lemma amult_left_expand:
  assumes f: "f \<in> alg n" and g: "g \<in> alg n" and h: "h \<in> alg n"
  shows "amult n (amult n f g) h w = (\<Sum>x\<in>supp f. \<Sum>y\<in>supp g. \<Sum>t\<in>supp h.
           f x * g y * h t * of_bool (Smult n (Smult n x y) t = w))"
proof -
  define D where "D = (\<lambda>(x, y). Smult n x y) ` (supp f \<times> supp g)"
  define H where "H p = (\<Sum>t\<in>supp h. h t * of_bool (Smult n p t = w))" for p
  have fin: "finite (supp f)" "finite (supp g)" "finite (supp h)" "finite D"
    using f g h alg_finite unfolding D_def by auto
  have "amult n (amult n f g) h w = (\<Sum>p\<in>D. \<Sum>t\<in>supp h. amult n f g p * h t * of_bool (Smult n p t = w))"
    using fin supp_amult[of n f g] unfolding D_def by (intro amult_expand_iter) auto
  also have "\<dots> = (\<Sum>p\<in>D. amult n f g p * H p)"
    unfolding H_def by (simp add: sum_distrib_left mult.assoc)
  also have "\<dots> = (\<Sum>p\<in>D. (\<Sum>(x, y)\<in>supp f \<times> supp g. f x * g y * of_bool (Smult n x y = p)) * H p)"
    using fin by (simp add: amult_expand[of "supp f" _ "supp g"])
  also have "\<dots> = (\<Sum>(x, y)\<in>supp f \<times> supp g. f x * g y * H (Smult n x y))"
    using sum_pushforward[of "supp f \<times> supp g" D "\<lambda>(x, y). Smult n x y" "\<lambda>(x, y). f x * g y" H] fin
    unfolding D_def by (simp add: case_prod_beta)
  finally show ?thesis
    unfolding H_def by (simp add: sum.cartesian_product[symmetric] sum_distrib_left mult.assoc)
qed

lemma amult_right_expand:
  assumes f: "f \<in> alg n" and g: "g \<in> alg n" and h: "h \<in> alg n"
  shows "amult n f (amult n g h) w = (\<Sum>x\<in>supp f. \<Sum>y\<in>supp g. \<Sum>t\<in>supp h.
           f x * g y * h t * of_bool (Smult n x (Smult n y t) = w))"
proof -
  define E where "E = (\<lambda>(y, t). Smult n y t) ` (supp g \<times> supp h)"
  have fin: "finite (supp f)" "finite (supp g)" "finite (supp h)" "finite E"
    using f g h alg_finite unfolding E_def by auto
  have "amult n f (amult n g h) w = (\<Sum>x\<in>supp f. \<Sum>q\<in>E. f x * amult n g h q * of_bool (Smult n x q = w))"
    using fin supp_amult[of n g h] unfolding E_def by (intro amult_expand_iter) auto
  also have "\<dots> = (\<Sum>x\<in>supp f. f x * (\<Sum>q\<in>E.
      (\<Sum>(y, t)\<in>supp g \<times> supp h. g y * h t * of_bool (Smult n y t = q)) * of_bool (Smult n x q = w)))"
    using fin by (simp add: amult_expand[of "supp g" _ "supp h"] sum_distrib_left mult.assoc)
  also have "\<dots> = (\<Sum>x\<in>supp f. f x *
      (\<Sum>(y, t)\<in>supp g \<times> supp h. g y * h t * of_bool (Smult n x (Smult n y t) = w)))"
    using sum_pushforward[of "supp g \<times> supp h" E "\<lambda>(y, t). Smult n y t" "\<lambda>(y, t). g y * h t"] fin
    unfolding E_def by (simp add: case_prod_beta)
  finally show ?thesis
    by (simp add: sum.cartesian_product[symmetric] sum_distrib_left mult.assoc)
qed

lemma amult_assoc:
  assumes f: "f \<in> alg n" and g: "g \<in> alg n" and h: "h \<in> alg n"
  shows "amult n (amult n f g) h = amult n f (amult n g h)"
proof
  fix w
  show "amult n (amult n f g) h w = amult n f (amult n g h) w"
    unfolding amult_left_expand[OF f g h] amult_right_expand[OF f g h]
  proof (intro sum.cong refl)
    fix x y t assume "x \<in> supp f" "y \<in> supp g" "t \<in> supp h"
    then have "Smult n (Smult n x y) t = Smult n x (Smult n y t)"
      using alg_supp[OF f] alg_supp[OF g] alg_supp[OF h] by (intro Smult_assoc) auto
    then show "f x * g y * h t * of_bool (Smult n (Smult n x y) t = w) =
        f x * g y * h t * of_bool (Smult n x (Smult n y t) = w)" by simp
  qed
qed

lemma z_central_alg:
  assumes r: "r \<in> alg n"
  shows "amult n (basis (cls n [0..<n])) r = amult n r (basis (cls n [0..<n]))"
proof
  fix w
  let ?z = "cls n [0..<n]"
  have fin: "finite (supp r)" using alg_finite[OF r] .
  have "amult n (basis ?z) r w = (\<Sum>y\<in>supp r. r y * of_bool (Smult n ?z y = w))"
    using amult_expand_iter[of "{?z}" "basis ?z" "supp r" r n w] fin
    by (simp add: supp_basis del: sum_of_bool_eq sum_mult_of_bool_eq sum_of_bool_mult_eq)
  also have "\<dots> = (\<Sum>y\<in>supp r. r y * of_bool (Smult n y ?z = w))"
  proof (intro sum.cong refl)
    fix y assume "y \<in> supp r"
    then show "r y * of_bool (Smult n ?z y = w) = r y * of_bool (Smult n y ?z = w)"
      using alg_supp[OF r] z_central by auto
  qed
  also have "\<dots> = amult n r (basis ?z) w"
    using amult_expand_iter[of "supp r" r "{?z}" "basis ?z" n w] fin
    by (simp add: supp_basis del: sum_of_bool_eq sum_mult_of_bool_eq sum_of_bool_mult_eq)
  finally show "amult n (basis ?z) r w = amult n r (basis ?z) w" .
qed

...

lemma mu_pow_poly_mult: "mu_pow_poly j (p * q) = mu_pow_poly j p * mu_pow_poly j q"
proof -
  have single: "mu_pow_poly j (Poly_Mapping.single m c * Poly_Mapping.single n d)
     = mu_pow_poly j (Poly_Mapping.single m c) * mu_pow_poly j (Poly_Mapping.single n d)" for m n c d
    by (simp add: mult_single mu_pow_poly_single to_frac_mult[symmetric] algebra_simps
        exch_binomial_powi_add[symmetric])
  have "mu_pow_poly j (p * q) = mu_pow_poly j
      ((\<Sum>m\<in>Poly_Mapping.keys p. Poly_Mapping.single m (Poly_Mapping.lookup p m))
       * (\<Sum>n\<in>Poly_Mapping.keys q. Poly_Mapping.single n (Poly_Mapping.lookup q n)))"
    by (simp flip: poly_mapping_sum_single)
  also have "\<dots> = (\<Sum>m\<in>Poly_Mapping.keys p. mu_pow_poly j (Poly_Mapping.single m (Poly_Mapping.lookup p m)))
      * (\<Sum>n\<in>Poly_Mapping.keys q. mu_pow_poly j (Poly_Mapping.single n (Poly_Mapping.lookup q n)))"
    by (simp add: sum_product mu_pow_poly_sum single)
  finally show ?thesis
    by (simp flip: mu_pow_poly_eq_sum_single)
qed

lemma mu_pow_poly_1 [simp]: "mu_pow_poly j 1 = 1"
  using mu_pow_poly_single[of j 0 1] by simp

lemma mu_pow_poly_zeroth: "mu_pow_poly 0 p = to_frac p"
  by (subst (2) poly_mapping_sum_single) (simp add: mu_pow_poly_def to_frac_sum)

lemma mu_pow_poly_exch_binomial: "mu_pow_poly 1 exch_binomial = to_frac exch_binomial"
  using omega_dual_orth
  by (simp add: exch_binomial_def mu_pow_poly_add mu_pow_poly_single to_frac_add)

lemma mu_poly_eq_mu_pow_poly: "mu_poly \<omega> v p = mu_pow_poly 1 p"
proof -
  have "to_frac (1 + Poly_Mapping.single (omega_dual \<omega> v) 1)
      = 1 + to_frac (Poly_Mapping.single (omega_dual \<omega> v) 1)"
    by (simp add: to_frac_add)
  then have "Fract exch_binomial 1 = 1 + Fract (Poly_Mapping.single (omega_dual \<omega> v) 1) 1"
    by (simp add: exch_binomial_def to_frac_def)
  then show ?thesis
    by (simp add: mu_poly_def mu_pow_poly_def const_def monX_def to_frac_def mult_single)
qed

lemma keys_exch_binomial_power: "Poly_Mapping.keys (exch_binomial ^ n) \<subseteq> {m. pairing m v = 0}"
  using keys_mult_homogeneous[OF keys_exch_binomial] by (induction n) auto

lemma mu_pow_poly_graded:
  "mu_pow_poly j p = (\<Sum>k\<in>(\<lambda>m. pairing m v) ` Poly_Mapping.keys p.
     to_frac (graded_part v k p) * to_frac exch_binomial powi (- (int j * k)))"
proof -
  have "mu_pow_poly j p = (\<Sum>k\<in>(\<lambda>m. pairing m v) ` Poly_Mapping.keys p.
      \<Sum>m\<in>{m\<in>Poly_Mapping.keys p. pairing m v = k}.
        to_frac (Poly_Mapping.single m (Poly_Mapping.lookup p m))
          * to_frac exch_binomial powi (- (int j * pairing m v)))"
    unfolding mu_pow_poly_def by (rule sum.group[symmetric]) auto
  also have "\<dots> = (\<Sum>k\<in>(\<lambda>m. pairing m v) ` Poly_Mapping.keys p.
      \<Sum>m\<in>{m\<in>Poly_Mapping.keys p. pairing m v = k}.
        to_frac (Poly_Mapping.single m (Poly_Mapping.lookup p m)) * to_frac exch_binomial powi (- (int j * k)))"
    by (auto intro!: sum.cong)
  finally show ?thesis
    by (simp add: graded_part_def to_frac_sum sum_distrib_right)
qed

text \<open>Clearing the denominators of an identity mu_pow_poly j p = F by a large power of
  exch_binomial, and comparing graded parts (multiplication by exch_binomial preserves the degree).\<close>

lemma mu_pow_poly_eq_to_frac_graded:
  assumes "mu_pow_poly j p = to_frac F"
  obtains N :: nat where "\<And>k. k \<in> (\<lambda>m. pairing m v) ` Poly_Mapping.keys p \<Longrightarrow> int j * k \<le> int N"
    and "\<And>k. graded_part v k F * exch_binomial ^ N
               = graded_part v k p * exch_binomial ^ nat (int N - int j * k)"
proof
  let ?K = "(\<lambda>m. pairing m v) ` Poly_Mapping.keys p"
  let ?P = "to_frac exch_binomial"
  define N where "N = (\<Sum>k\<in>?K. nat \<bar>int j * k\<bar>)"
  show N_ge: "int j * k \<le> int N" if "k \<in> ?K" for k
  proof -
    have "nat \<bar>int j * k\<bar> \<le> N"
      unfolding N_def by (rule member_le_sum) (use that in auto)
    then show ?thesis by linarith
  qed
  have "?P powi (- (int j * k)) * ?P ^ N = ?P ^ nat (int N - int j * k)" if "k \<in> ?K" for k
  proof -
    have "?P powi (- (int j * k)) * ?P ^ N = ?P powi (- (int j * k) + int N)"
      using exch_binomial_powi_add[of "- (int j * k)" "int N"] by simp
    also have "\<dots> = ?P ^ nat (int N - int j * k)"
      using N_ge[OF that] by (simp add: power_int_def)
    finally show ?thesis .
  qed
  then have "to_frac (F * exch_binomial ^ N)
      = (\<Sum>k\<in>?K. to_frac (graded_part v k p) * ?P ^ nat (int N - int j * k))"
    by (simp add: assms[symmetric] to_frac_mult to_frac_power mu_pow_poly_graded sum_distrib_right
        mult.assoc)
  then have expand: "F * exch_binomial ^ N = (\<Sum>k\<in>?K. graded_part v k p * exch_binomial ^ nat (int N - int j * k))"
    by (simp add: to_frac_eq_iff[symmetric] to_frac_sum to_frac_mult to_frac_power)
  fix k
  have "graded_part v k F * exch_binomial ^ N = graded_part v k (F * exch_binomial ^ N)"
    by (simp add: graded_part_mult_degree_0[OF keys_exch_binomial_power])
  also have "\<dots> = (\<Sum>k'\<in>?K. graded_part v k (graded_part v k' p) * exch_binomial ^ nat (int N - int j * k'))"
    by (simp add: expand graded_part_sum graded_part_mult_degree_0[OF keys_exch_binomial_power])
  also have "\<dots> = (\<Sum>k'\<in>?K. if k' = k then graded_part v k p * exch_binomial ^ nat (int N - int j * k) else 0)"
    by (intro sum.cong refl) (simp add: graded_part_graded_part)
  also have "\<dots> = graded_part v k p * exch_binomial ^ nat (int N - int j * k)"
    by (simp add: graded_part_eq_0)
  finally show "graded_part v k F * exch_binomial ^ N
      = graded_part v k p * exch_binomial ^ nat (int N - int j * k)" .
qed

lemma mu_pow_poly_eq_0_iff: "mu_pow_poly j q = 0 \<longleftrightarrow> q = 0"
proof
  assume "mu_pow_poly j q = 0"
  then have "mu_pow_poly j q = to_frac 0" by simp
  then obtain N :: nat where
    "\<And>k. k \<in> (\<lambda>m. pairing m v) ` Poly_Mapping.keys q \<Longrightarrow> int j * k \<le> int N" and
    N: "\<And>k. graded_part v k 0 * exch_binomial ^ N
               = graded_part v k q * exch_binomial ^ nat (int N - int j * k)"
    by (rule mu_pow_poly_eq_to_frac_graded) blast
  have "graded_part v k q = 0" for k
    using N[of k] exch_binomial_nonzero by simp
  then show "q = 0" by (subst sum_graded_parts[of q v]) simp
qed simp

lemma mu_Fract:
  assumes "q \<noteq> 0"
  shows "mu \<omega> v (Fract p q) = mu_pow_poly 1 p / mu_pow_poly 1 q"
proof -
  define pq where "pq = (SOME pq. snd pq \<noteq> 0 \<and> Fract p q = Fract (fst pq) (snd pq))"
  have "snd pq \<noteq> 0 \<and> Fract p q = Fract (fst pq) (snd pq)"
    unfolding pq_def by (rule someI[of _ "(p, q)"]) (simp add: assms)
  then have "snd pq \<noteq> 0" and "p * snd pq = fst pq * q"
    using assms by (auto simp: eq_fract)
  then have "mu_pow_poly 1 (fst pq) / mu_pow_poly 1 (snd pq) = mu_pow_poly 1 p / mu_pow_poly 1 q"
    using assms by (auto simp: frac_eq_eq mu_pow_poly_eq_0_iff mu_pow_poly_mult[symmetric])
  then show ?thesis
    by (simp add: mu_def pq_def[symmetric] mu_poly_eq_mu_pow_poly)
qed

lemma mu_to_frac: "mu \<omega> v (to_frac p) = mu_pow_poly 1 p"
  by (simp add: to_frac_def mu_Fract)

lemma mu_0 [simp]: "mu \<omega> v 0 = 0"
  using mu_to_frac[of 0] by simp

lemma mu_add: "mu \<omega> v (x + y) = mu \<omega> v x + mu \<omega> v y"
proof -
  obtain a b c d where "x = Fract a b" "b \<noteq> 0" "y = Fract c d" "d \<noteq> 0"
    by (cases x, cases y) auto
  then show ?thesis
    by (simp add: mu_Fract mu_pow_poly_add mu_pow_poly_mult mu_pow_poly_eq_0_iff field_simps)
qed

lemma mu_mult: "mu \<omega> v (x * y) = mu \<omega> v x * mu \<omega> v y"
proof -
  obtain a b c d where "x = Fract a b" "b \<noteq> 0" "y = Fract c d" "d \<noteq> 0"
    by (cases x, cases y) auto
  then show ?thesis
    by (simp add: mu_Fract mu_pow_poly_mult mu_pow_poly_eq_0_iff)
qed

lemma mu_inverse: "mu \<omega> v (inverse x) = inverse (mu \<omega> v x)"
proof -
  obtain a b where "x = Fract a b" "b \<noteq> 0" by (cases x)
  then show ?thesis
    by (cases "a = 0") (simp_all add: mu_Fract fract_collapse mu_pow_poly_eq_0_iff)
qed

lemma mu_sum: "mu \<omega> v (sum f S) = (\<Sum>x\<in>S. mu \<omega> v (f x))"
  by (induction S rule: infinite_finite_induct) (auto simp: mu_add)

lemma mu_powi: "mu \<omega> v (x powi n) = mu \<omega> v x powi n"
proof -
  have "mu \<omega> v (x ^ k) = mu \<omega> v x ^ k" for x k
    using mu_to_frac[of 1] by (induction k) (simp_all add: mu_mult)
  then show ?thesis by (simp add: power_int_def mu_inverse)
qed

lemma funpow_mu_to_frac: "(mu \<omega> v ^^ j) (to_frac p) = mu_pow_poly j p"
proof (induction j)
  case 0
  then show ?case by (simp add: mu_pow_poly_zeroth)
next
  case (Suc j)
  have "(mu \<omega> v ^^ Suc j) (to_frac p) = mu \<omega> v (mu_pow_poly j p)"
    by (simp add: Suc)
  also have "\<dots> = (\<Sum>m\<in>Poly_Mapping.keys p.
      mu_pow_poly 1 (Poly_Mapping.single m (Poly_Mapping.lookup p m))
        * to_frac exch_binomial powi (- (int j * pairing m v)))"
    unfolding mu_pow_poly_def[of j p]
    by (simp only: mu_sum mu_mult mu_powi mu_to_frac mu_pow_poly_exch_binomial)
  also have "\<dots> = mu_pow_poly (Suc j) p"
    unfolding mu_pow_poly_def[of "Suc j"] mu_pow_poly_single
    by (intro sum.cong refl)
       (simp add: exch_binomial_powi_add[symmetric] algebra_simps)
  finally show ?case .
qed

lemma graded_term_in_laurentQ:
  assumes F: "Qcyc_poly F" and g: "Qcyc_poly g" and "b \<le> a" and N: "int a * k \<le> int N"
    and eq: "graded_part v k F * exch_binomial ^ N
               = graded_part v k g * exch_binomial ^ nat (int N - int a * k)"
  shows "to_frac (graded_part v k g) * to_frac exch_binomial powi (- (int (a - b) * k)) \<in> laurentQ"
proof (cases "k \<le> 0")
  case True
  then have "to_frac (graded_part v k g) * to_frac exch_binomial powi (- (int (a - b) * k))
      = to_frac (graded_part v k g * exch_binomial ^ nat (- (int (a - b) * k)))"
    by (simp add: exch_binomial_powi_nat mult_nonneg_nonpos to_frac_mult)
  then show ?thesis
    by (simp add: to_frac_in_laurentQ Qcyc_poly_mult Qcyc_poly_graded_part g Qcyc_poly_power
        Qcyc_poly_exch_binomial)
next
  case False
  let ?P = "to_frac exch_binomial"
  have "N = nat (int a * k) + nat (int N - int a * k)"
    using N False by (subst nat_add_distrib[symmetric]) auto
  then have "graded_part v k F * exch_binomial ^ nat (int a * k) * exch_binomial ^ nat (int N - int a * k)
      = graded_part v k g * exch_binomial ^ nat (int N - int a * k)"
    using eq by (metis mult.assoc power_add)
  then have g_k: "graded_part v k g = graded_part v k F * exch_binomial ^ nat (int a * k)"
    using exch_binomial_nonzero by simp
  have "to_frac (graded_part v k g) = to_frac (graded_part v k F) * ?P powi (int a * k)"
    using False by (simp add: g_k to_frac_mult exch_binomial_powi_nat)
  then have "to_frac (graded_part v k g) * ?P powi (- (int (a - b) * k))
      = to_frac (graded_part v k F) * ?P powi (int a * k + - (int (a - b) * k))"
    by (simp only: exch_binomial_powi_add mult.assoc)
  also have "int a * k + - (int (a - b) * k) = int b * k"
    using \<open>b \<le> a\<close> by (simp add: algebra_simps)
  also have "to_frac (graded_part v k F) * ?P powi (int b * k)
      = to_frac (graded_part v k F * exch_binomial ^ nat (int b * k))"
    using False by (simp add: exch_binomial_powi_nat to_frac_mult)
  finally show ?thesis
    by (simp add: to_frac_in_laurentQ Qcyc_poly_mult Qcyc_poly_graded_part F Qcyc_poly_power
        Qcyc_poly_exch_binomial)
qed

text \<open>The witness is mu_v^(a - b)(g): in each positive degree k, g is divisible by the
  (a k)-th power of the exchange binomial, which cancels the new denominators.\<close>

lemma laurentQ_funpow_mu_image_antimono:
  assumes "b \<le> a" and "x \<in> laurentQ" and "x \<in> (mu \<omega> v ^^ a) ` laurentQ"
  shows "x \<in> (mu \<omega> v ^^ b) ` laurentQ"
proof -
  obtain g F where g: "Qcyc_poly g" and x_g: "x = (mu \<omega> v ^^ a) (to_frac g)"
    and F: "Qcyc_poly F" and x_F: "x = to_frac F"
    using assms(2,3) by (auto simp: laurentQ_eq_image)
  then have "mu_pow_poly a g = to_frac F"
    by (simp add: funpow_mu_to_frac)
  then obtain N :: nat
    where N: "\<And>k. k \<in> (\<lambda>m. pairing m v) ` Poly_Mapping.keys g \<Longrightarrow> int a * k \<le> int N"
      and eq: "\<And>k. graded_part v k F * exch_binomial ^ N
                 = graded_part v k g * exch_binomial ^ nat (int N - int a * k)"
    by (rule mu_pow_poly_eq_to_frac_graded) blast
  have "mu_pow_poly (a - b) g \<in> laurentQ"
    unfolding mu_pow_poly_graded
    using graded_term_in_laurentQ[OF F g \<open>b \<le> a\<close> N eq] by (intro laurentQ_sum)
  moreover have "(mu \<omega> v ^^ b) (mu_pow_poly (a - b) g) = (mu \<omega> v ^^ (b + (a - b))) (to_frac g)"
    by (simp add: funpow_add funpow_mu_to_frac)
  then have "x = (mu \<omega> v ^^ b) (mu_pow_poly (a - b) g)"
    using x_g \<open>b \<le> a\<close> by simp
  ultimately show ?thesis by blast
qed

==

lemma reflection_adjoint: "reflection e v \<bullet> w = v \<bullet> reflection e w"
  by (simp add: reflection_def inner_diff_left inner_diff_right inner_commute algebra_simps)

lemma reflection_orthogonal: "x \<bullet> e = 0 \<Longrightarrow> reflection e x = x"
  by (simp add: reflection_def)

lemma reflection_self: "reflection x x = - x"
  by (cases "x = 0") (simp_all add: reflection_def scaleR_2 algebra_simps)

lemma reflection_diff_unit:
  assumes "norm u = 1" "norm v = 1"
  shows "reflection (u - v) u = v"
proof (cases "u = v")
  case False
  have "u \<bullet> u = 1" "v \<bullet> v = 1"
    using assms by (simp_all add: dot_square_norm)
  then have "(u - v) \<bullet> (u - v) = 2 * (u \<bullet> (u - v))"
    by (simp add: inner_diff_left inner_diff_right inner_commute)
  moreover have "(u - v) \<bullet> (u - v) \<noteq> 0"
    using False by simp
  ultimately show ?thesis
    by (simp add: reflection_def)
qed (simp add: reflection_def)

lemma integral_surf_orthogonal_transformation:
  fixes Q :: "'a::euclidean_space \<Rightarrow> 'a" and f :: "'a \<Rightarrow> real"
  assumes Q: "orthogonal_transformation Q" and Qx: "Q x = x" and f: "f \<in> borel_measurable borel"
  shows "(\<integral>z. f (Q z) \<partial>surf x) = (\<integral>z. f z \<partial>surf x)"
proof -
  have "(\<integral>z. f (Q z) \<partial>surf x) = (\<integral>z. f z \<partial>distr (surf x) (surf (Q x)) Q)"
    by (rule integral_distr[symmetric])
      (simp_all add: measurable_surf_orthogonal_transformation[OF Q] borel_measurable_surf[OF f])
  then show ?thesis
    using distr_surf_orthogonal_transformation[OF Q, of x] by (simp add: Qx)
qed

Your instructions: Wherever the string "times" occurs in the records above, copy that line.

Task answer:
  define D where "D = (\<lambda>(x, y). Smult n x y) ` (supp f \<times> supp g)"
  also have "\<dots> = (\<Sum>p\<in>D. (\<Sum>(x, y)\<in>supp f \<times> supp g. f x * g y * of_bool (Smult n x y = p)) * H p)"
  also have "\<dots> = (\<Sum>(x, y)\<in>supp f \<times> supp g. f x * g y * H (Smult n x y))"
    using sum_pushforward[of "supp f \<times> supp g" D "\<lambda>(x, y). Smult n x y" "\<lambda>(x, y). f x * g y" H] fin
  define E where "E = (\<lambda>(y, t). Smult n y t) ` (supp g \<times> supp h)"
      (\<Sum>(y, t)\<in>supp g \<times> supp h. g y * h t * of_bool (Smult n y t = q)) * of_bool (Smult n x q = w)))"
      (\<Sum>(y, t)\<in>supp g \<times> supp h. g y * h t * of_bool (Smult n x (Smult n y t) = w)))"
    using sum_pushforward[of "supp g \<times> supp h" E "\<lambda>(y, t). Smult n y t" "\<lambda>(y, t). g y * h t"] fin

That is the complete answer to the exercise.